## [ACTION ITEM]
Top to bottom, output the entries that follow exactly.

## [RECORDED INFORMATION]

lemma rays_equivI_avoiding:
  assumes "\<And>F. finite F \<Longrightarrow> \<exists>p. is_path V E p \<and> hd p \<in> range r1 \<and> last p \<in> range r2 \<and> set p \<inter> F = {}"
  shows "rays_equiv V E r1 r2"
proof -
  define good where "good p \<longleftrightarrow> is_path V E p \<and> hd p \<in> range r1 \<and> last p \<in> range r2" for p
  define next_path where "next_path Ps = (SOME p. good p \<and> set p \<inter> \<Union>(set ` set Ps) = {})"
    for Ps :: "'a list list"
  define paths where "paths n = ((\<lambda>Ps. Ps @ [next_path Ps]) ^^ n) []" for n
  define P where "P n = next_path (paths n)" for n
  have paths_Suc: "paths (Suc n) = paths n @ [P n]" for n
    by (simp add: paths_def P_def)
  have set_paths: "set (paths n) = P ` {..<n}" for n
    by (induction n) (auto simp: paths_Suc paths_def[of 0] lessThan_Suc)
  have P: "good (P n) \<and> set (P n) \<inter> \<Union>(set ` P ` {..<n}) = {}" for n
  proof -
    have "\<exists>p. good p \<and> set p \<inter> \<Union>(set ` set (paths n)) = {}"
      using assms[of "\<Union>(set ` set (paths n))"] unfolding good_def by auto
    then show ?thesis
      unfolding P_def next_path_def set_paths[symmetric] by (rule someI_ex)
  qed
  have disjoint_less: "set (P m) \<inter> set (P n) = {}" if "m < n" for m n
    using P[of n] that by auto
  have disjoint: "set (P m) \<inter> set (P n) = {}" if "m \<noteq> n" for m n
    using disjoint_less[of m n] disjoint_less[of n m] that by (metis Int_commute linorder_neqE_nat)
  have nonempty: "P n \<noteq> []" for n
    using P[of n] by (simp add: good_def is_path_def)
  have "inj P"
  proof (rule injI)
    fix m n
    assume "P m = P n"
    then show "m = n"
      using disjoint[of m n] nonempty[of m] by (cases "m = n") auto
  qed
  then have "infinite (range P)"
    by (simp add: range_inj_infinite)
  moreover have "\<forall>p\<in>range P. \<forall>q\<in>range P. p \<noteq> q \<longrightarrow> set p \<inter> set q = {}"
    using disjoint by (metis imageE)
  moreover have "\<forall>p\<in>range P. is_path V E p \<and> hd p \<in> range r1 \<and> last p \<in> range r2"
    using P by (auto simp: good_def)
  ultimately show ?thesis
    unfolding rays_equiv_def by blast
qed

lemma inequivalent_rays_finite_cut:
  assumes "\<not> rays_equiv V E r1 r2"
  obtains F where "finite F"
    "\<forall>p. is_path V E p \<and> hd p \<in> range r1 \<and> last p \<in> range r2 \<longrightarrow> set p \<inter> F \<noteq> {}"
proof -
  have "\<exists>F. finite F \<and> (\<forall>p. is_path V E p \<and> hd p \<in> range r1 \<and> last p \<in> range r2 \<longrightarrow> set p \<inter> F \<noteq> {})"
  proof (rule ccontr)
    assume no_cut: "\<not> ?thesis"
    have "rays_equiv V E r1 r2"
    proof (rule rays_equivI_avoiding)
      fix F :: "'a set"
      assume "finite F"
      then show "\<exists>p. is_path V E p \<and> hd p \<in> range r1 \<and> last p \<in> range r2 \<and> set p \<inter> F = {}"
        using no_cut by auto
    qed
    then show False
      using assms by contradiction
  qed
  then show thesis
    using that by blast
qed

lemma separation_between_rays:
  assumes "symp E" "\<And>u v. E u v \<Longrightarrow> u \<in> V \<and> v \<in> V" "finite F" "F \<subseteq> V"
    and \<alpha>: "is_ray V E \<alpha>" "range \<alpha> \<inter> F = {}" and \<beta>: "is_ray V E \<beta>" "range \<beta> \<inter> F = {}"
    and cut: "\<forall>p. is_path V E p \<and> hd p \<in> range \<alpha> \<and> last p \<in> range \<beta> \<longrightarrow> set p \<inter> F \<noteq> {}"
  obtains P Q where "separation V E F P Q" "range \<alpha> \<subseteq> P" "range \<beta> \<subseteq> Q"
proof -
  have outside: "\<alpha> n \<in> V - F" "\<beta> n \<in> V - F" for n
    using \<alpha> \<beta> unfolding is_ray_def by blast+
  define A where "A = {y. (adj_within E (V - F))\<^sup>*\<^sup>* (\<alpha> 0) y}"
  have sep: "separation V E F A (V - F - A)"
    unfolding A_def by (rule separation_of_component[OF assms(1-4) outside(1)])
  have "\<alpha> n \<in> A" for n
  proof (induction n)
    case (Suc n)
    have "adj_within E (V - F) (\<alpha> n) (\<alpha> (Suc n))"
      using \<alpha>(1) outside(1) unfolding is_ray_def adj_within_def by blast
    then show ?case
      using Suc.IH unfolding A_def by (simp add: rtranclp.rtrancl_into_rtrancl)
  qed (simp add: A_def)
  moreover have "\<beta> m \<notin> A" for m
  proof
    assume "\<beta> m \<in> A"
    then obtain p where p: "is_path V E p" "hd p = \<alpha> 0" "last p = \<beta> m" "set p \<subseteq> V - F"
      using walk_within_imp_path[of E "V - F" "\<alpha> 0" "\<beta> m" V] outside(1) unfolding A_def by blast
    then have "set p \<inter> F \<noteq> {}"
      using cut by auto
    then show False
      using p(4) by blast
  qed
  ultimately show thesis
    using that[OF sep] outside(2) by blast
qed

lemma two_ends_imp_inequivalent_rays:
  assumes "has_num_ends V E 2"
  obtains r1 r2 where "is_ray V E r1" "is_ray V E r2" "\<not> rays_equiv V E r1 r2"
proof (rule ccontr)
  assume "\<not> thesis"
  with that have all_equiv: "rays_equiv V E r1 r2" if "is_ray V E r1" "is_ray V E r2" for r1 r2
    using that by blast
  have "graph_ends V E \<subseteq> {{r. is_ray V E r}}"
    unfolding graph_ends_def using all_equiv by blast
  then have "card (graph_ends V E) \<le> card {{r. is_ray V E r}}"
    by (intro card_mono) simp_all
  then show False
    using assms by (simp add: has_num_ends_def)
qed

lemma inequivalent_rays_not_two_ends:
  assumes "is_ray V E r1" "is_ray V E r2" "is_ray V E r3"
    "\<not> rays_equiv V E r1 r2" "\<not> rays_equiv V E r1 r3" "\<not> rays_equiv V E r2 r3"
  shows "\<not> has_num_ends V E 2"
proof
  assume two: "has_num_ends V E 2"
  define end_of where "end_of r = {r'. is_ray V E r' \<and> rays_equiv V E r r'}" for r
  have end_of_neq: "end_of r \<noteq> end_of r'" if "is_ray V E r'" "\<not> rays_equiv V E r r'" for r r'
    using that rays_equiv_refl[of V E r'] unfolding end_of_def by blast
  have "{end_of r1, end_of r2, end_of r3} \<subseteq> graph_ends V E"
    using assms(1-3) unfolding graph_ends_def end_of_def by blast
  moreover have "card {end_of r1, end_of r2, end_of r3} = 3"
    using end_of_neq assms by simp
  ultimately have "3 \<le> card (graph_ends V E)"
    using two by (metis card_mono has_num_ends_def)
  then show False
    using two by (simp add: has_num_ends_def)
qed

## [THE ANSWER]
lemma rays_equivI_avoiding:
  assumes "\<And>F. finite F \<Longrightarrow> \<exists>p. is_path V E p \<and> hd p \<in> range r1 \<and> last p \<in> range r2 \<and> set p \<inter> F = {}"
  shows "rays_equiv V E r1 r2"
proof -
  define good where "good p \<longleftrightarrow> is_path V E p \<and> hd p \<in> range r1 \<and> last p \<in> range r2" for p
  define next_path where "next_path Ps = (SOME p. good p \<and> set p \<inter> \<Union>(set ` set Ps) = {})"
    for Ps :: "'a list list"
  define paths where "paths n = ((\<lambda>Ps. Ps @ [next_path Ps]) ^^ n) []" for n
  define P where "P n = next_path (paths n)" for n
  have paths_Suc: "paths (Suc n) = paths n @ [P n]" for n
    by (simp add: paths_def P_def)
  have set_paths: "set (paths n) = P ` {..<n}" for n
    by (induction n) (auto simp: paths_Suc paths_def[of 0] lessThan_Suc)
  have P: "good (P n) \<and> set (P n) \<inter> \<Union>(set ` P ` {..<n}) = {}" for n
  proof -
    have "\<exists>p. good p \<and> set p \<inter> \<Union>(set ` set (paths n)) = {}"
      using assms[of "\<Union>(set ` set (paths n))"] unfolding good_def by auto
    then show ?thesis
      unfolding P_def next_path_def set_paths[symmetric] by (rule someI_ex)
  qed
  have disjoint_less: "set (P m) \<inter> set (P n) = {}" if "m < n" for m n
    using P[of n] that by auto
  have disjoint: "set (P m) \<inter> set (P n) = {}" if "m \<noteq> n" for m n
    using disjoint_less[of m n] disjoint_less[of n m] that by (metis Int_commute linorder_neqE_nat)
  have nonempty: "P n \<noteq> []" for n
    using P[of n] by (simp add: good_def is_path_def)
  have "inj P"
  proof (rule injI)
    fix m n
    assume "P m = P n"
    then show "m = n"
      using disjoint[of m n] nonempty[of m] by (cases "m = n") auto
  qed
  then have "infinite (range P)"
    by (simp add: range_inj_infinite)
  moreover have "\<forall>p\<in>range P. \<forall>q\<in>range P. p \<noteq> q \<longrightarrow> set p \<inter> set q = {}"
    using disjoint by (metis imageE)
  moreover have "\<forall>p\<in>range P. is_path V E p \<and> hd p \<in> range r1 \<and> last p \<in> range r2"
    using P by (auto simp: good_def)
  ultimately show ?thesis
    unfolding rays_equiv_def by blast
qed

lemma inequivalent_rays_finite_cut:
  assumes "\<not> rays_equiv V E r1 r2"
  obtains F where "finite F"
    "\<forall>p. is_path V E p \<and> hd p \<in> range r1 \<and> last p \<in> range r2 \<longrightarrow> set p \<inter> F \<noteq> {}"
proof -
  have "\<exists>F. finite F \<and> (\<forall>p. is_path V E p \<and> hd p \<in> range r1 \<and> last p \<in> range r2 \<longrightarrow> set p \<inter> F \<noteq> {})"
  proof (rule ccontr)
    assume no_cut: "\<not> ?thesis"
    have "rays_equiv V E r1 r2"
    proof (rule rays_equivI_avoiding)
      fix F :: "'a set"
      assume "finite F"
      then show "\<exists>p. is_path V E p \<and> hd p \<in> range r1 \<and> last p \<in> range r2 \<and> set p \<inter> F = {}"
        using no_cut by auto
    qed
    then show False
      using assms by contradiction
  qed
  then show thesis
    using that by blast
qed

lemma separation_between_rays:
  assumes "symp E" "\<And>u v. E u v \<Longrightarrow> u \<in> V \<and> v \<in> V" "finite F" "F \<subseteq> V"
    and \<alpha>: "is_ray V E \<alpha>" "range \<alpha> \<inter> F = {}" and \<beta>: "is_ray V E \<beta>" "range \<beta> \<inter> F = {}"
    and cut: "\<forall>p. is_path V E p \<and> hd p \<in> range \<alpha> \<and> last p \<in> range \<beta> \<longrightarrow> set p \<inter> F \<noteq> {}"
  obtains P Q where "separation V E F P Q" "range \<alpha> \<subseteq> P" "range \<beta> \<subseteq> Q"
proof -
  have outside: "\<alpha> n \<in> V - F" "\<beta> n \<in> V - F" for n
    using \<alpha> \<beta> unfolding is_ray_def by blast+
  define A where "A = {y. (adj_within E (V - F))\<^sup>*\<^sup>* (\<alpha> 0) y}"
  have sep: "separation V E F A (V - F - A)"
    unfolding A_def by (rule separation_of_component[OF assms(1-4) outside(1)])
  have "\<alpha> n \<in> A" for n
  proof (induction n)
    case (Suc n)
    have "adj_within E (V - F) (\<alpha> n) (\<alpha> (Suc n))"
      using \<alpha>(1) outside(1) unfolding is_ray_def adj_within_def by blast
    then show ?case
      using Suc.IH unfolding A_def by (simp add: rtranclp.rtrancl_into_rtrancl)
  qed (simp add: A_def)
  moreover have "\<beta> m \<notin> A" for m
  proof
    assume "\<beta> m \<in> A"
    then obtain p where p: "is_path V E p" "hd p = \<alpha> 0" "last p = \<beta> m" "set p \<subseteq> V - F"
      using walk_within_imp_path[of E "V - F" "\<alpha> 0" "\<beta> m" V] outside(1) unfolding A_def by blast
    then have "set p \<inter> F \<noteq> {}"
      using cut by auto
    then show False
      using p(4) by blast
  qed
  ultimately show thesis
    using that[OF sep] outside(2) by blast
qed

lemma two_ends_imp_inequivalent_rays:
  assumes "has_num_ends V E 2"
  obtains r1 r2 where "is_ray V E r1" "is_ray V E r2" "\<not> rays_equiv V E r1 r2"
proof (rule ccontr)
  assume "\<not> thesis"
  with that have all_equiv: "rays_equiv V E r1 r2" if "is_ray V E r1" "is_ray V E r2" for r1 r2
    using that by blast
  have "graph_ends V E \<subseteq> {{r. is_ray V E r}}"
    unfolding graph_ends_def using all_equiv by blast
  then have "card (graph_ends V E) \<le> card {{r. is_ray V E r}}"
    by (intro card_mono) simp_all
  then show False
    using assms by (simp add: has_num_ends_def)
qed

lemma inequivalent_rays_not_two_ends:
  assumes "is_ray V E r1" "is_ray V E r2" "is_ray V E r3"
    "\<not> rays_equiv V E r1 r2" "\<not> rays_equiv V E r1 r3" "\<not> rays_equiv V E r2 r3"
  shows "\<not> has_num_ends V E 2"
proof
  assume two: "has_num_ends V E 2"
  define end_of where "end_of r = {r'. is_ray V E r' \<and> rays_equiv V E r r'}" for r
  have end_of_neq: "end_of r \<noteq> end_of r'" if "is_ray V E r'" "\<not> rays_equiv V E r r'" for r r'
    using that rays_equiv_refl[of V E r'] unfolding end_of_def by blast
  have "{end_of r1, end_of r2, end_of r3} \<subseteq> graph_ends V E"
    using assms(1-3) unfolding graph_ends_def end_of_def by blast
  moreover have "card {end_of r1, end_of r2, end_of r3} = 3"
    using end_of_neq assms by simp
  ultimately have "3 \<le> card (graph_ends V E)"
    using two by (metis card_mono has_num_ends_def)
  then show False
    using two by (simp add: has_num_ends_def)
qed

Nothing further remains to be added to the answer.